- [TASK DESCRIPTION]:
Return exactly those lines of the material below that fall between the line holding "bit \<times> bit) \<in>" and the line holding "by (cases c) simp", inclusive.

- [SUPPLIED RECORDS]:
lemma pair_count_image:
  assumes "inj_on f V" "\<forall>A \<in># B. A \<subseteq> V" "x \<in> V" "y \<in> V"
  shows "pair_count (image_mset ((`) f) B) (f x) (f y) = pair_count B x y"
proof -
  have "filter_mset (\<lambda>A. f x \<in> f ` A \<and> f y \<in> f ` A) B = filter_mset (\<lambda>A. x \<in> A \<and> y \<in> A) B"
    using assms by (intro filter_mset_cong) (auto simp: inj_on_image_mem_iff)
  then show ?thesis unfolding pair_count_def by (simp add: filter_mset_image_mset)
qed

lemma design_conditions_image:
  assumes f: "bij_betw f V W" and B: "\<forall>A \<in># B. A \<subseteq> V \<and> card A = k"
    and pairs: "\<forall>x\<in>V. \<forall>y\<in>V. x \<noteq> y \<longrightarrow> P (pair_count B x y)"
  shows "\<forall>A \<in># image_mset ((`) f) B. A \<subseteq> W \<and> card A = k"
    and "\<forall>x\<in>W. \<forall>y\<in>W. x \<noteq> y \<longrightarrow> P (pair_count (image_mset ((`) f) B) x y)"
proof -
  have inj: "inj_on f V" and W: "W = f ` V"
    using f by (auto simp: bij_betw_def)
  show "\<forall>A \<in># image_mset ((`) f) B. A \<subseteq> W \<and> card A = k"
    using B inj W by (auto simp: card_image inj_on_subset)
  show "\<forall>x\<in>W. \<forall>y\<in>W. x \<noteq> y \<longrightarrow> P (pair_count (image_mset ((`) f) B) x y)"
    using B pairs inj W pair_count_image[OF inj] by auto
qed

lemma bibd_image:
  assumes "bij_betw f V W" "bibd V B v k lam"
  shows "bibd W (image_mset ((`) f) B) v k lam"
  using assms design_conditions_image[OF assms(1), of B k "\<lambda>c. c = lam"]
  by (auto simp: bibd_def bij_betw_finite bij_betw_same_card)

lemma partial_bibd_image:
  assumes "bij_betw f V W" "partial_bibd V B v k lam"
  shows "partial_bibd W (image_mset ((`) f) B) v k lam"
  using assms design_conditions_image[OF assms(1), of B k "\<lambda>c. c \<le> lam"]
  by (auto simp: partial_bibd_def bij_betw_finite bij_betw_same_card)

lemma nested_bibd_image:
  assumes f: "bij_betw f V W" and nested: "nested_bibd V B v"
  shows "nested_bibd W (image_mset ((`) f) B) v"
proof -
  obtain \<phi> where \<phi>: "\<forall>A \<in># B. \<phi> A \<in> V \<and> \<phi> A \<notin> A"
    and ext: "partial_bibd V (image_mset (\<lambda>A. insert (\<phi> A) A) B) v 5 2"
    using nested by (auto simp: nested_bibd_def)
  have bibd: "bibd V B v 4 1" using nested by (simp add: nested_bibd_def)
  have inj: "inj_on f V" and W: "W = f ` V"
    using f by (auto simp: bij_betw_def)
  have B_sub: "A \<subseteq> V" if "A \<in># B" for A using bibd that by (simp add: bibd_def)
  define \<psi> where "\<psi> A' = f (\<phi> (inv_into V f ` A'))" for A'
  have \<psi>: "\<psi> (f ` A) = f (\<phi> A)" if "A \<in># B" for A
    using B_sub[OF that] inj by (simp add: \<psi>_def)
  have "image_mset (\<lambda>A'. insert (\<psi> A') A') (image_mset ((`) f) B)
      = image_mset ((`) f) (image_mset (\<lambda>A. insert (\<phi> A) A) B)"
    unfolding multiset.map_comp by (rule image_mset_cong) (simp add: \<psi>)
  then have "partial_bibd W (image_mset (\<lambda>A'. insert (\<psi> A') A') (image_mset ((`) f) B)) v 5 2"
    using partial_bibd_image[OF f ext] by simp
  moreover have "\<forall>A' \<in># image_mset ((`) f) B. \<psi> A' \<in> W \<and> \<psi> A' \<notin> A'"
    using \<phi> \<psi> B_sub W inj by (auto simp: inj_on_image_mem_iff)
  ultimately show ?thesis
    using bibd_image[OF f bibd] by (auto simp: nested_bibd_def)
qed

section \<open>The base blocks\<close>

lemma UNIV_bit: "(UNIV :: bit set) = {0, 1}"
  using bit.exhaust by auto

instance bit :: finite
  by standard (simp add: UNIV_bit)

lemma CARD_bit [simp]: "CARD(bit) = 2"
  by (simp add: UNIV_bit)

lemma bit_pair_cases: "(c :: bit \<times> bit) \<in> {(0, 0), (0, 1), (1, 0), (1, 1)}"
proof (cases c)
  case (Pair x y)
  show ?thesis unfolding Pair by (cases x; cases y) simp_all
qed

lemma uminus_bit_pair [simp]: "- (c :: bit \<times> bit) = c"
  by (cases c) simp

text \<open>Indices \<open>k\<close> stand for the paper's \<open>a\<^sub>k\<close>: \<open>label k = c\<close> iff \<open>a\<^sub>k\<close> belongs to \<open>U\<^sub>c\<close>,
  \<open>diff_pairs c\<close> lists the index pairs of \<open>\<Delta>\<^sub>c\<close>, and \<open>base_block j\<close> is the \<open>j\<close>-th base block.\<close>

definition label :: "nat \<Rightarrow> bit \<times> bit" where
  "label k = (if k \<in> {3, 7, 13} then (0, 1) else if k \<in> {4, 8, 14} then (1, 0)
     else if k \<in> {10, 11, 12, 15, 16} then (1, 1) else (0, 0))"

definition base_block :: "nat \<Rightarrow> nat set" where
  "base_block j = {4 * j + 1, 4 * j + 2, 4 * j + 3, 4 * j + 4}"

definition diff_pairs :: "bit \<times> bit \<Rightarrow> (nat \<times> nat) list" where
  "diff_pairs c =
    (if c = (0, 0) then [(1, 2), (5, 6), (10, 11), (10, 12), (11, 12), (15, 16)]
     else if c = (0, 1) then [(1, 3), (2, 3), (5, 7), (6, 7), (14, 15), (14, 16)]
     else if c = (1, 0) then [(1, 4), (2, 4), (5, 8), (6, 8), (13, 15), (13, 16)]
     else [(3, 4), (7, 8), (9, 10), (9, 11), (9, 12), (13, 14)])"

definition label_class :: "bit \<times> bit \<Rightarrow> nat list" where
  "label_class c = filter (\<lambda>k. label k = c) [1..<17]"

lemma label_class_simps:
  "label_class (0, 0) = [1, 2, 5, 6, 9]" "label_class (0, 1) = [3, 7, 13]"
  "label_class (1, 0) = [4, 8, 14]" "label_class (1, 1) = [10, 11, 12, 15, 16]"
  by (simp_all add: label_class_def upt_rec label_def)

lemma card_base_block: "card (base_block j) = 4"
  by (simp add: base_block_def)

lemma base_block_disjoint: "k \<in> base_block j \<Longrightarrow> k \<in> base_block j' \<Longrightarrow> j = j'"
  by (auto simp: base_block_def)

lemma base_block_in_label_class: "j < 4 \<Longrightarrow> k \<in> base_block j \<Longrightarrow> k \<in> set (label_class (label k))"
  by (auto simp: label_class_def base_block_def)

lemma base_block_pair_in_diff_pairs:
  assumes "j < 4" "k \<in> base_block j" "l \<in> base_block j" "k \<noteq> l"
  shows "(k, l) \<in> set (diff_pairs (label k - label l)) \<or> (l, k) \<in> set (diff_pairs (label k - label l))"
proof -
  have "\<forall>j \<in> {0, 1, 2, 3}. \<forall>k \<in> base_block j. \<forall>l \<in> base_block j. k \<noteq> l \<longrightarrow>
      (k, l) \<in> set (diff_pairs (label k - label l)) \<or> (l, k) \<in> set (diff_pairs (label k - label l))"
    by (simp add: base_block_def label_def diff_pairs_def zero_prod_def)
  moreover have "j \<in> {0, 1, 2, 3}" using assms(1) by auto
  ultimately show ?thesis using assms(2-4) by blast
qed

lemma diff_pairs_in_base_block:
  assumes "(k, l) \<in> set (diff_pairs c)"
  obtains j where "j < 4" "k \<in> base_block j" "l \<in> base_block j" "k \<noteq> l" "label k - label l = c"
proof -
  have "(k - 1) div 4 < 4 \<and> k \<in> base_block ((k - 1) div 4) \<and> l \<in> base_block ((k - 1) div 4) \<and>
      k \<noteq> l \<and> label k - label l = c"
    using assms bit_pair_cases[of c]
    by (auto simp: diff_pairs_def) (simp_all add: base_block_def label_def zero_prod_def)
  then show thesis using that by blast
qed

section \<open>Developing the base blocks\<close>

lemma translate_mem_iff: "(x::'b::ab_group_add) \<in> (+) p ` S \<longleftrightarrow> x - p \<in> S"
  by (auto simp: image_iff) (metis diff_add_cancel add.commute)

datatype 'f block_index = Base nat 'f "'f \<times> bit \<times> bit" | Column 'f

locale nested_construction =
  fixes a :: "nat \<Rightarrow> 'a::{finite,field}" and M :: "'a set"
  assumes diffs_complete: "\<And>c. complete_rep6 (map (\<lambda>(k, l). a k - a l) (diff_pairs c))"
    and labels_partial: "\<And>c. partial_rep6 (map a (label_class c))"
    and minus_one_C6: "(-1::'a) \<in> C6"
    and M_subset: "M \<subseteq> C6"
    and M_cover: "\<And>c. c \<in> C6 \<Longrightarrow> c \<in> M \<or> -c \<in> M"
    and M_no_opposite: "\<And>c. c \<in> M \<Longrightarrow> -c \<notin> M"
begin

lemma minus_C6: "(c::'a) \<in> C6 \<Longrightarrow> -c \<in> C6"
  using C6_mult[OF minus_one_C6] by fastforce

lemma coset6_uminus: "coset6 (- (x::'a)) = coset6 x"
  using coset6_mult_C6[OF minus_one_C6, of x] by simp

lemma M_nonzero: "m \<in> M \<Longrightarrow> m \<noteq> 0"
  using M_subset C6_nonzero by blast

lemma one_neq_minus_one: "(1::'a) \<noteq> -1"
proof
  assume eq: "(1::'a) = -1"
  show False
    using M_cover[OF one_in_C6] M_no_opposite[of 1] unfolding eq[symmetric] by blast
qed

lemma a_base_block:
  assumes "j < 4" "k \<in> base_block j"
  shows "a k \<noteq> 0" and "a k \<notin> C6"
proof -
  have "a k \<in> set (map a (label_class (label k)))"
    using base_block_in_label_class[OF assms] by simp
  then have "a k \<noteq> 0" "coset6 (a k) \<noteq> C6"
    using labels_partial[of "label k"] by (auto simp: partial_rep6_def)
  then show "a k \<noteq> 0" "a k \<notin> C6" using coset6_of_C6 by auto
qed

lemma a_inj_base_block:
  assumes "j < 4" "k \<in> base_block j" "l \<in> base_block j" "k \<noteq> l"
  shows "a k \<noteq> a l"
proof -
  let ?c = "label k - label l"
  have "a k - a l \<in> set (map (\<lambda>(k, l). a k - a l) (diff_pairs ?c)) \<or>
      a l - a k \<in> set (map (\<lambda>(k, l). a k - a l) (diff_pairs ?c))"
    using base_block_pair_in_diff_pairs[OF assms] by force
  then show ?thesis using diffs_complete[of ?c] by (auto simp: complete_rep6_def)
qed

lemma index_eq_if_label_coset6_eq:
  assumes "j < 4" "k \<in> base_block j" "j' < 4" "k' \<in> base_block j'"
    and "label k = label k'" and "coset6 (a k) = coset6 (a k')"
  shows "k = k'"
proof -
  have "inj_on (coset6 \<circ> a) (set (label_class (label k)))"
    using labels_partial[of "label k"] by (simp add: partial_rep6_def distinct_map)
  moreover have "k \<in> set (label_class (label k))" "k' \<in> set (label_class (label k))"
    using base_block_in_label_class[OF assms(1,2)] base_block_in_label_class[OF assms(3,4)] assms(5)
    by simp_all
  ultimately show ?thesis using assms(6) by (auto simp: inj_on_def)
qed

- [WRITTEN SOLUTION]:
lemma bit_pair_cases: "(c :: bit \<times> bit) \<in> {(0, 0), (0, 1), (1, 0), (1, 1)}"
proof (cases c)
  case (Pair x y)
  show ?thesis unfolding Pair by (cases x; cases y) simp_all
qed

lemma uminus_bit_pair [simp]: "- (c :: bit \<times> bit) = c"
  by (cases c) simp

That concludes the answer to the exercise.